Exercise directions
Which lines in the records below contain the word "have"? Copy each one out.

(Data for the task)

lemma table_machine_walk:
  assumes A: "\<forall>k. bit A k \<longleftrightarrow> k \<in> walk_keys \<phi> n" and x: "length x = n"
    and w: "walk \<phi> x p = Some i"
  shows "table_machine p (pair_bl x (bl_of_nat A)) = Some (bl_of_nat i)"
proof -
  note table = in_walk_table_iff[OF A x]
  let ?y = "nat_of_bl (pair_bl x (bl_of_nat A))"
  have "\<not> in_table ?y (take_code j (nat_of_bl p)) 0" if "drop_code j (nat_of_bl p) \<noteq> 0" for j
  proof
    assume "in_table ?y (take_code j (nat_of_bl p)) 0"
    then have "walk \<phi> x (take j p) \<noteq> None"
      by (simp add: table)
    moreover have "walk \<phi> x (take j p @ drop j p) \<noteq> None"
      using w by simp
    ultimately have "drop j p = []"
      unfolding walk_def by (rule kw_walk_prefix_free)
    with that show False
      by simp
  qed
  moreover have "in_table ?y (nat_of_bl p) 0"
    using w by (simp add: table)
  ultimately have "accepts ?y (nat_of_bl p)"
    unfolding accepts_def by blast
  moreover have "in_table ?y (nat_of_bl p) (Suc i') \<longleftrightarrow> i' = i" for i'
    using w by (auto simp: table)
  ultimately show ?thesis
    unfolding table_machine_def by (simp add: find_least_eq_Some_iff)
qed

lemma finite_walk_keys: "finite (walk_keys \<phi> n)"
  by (simp add: walk_keys_def finite_walk_domain)

lemma KC_le_length: "U p b = Some a \<Longrightarrow> KC U a b \<le> length p"
  unfolding KC_def by (rule cInf_lower) auto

(End Data for the task)

Final answer
  have "\<not> in_table ?y (take_code j (nat_of_bl p)) 0" if "drop_code j (nat_of_bl p) \<noteq> 0" for j
    then have "walk \<phi> x (take j p) \<noteq> None"
    moreover have "walk \<phi> x (take j p @ drop j p) \<noteq> None"
    ultimately have "drop j p = []"
  moreover have "in_table ?y (nat_of_bl p) 0"
  ultimately have "accepts ?y (nat_of_bl p)"
  moreover have "in_table ?y (nat_of_bl p) (Suc i') \<longleftrightarrow> i' = i" for i'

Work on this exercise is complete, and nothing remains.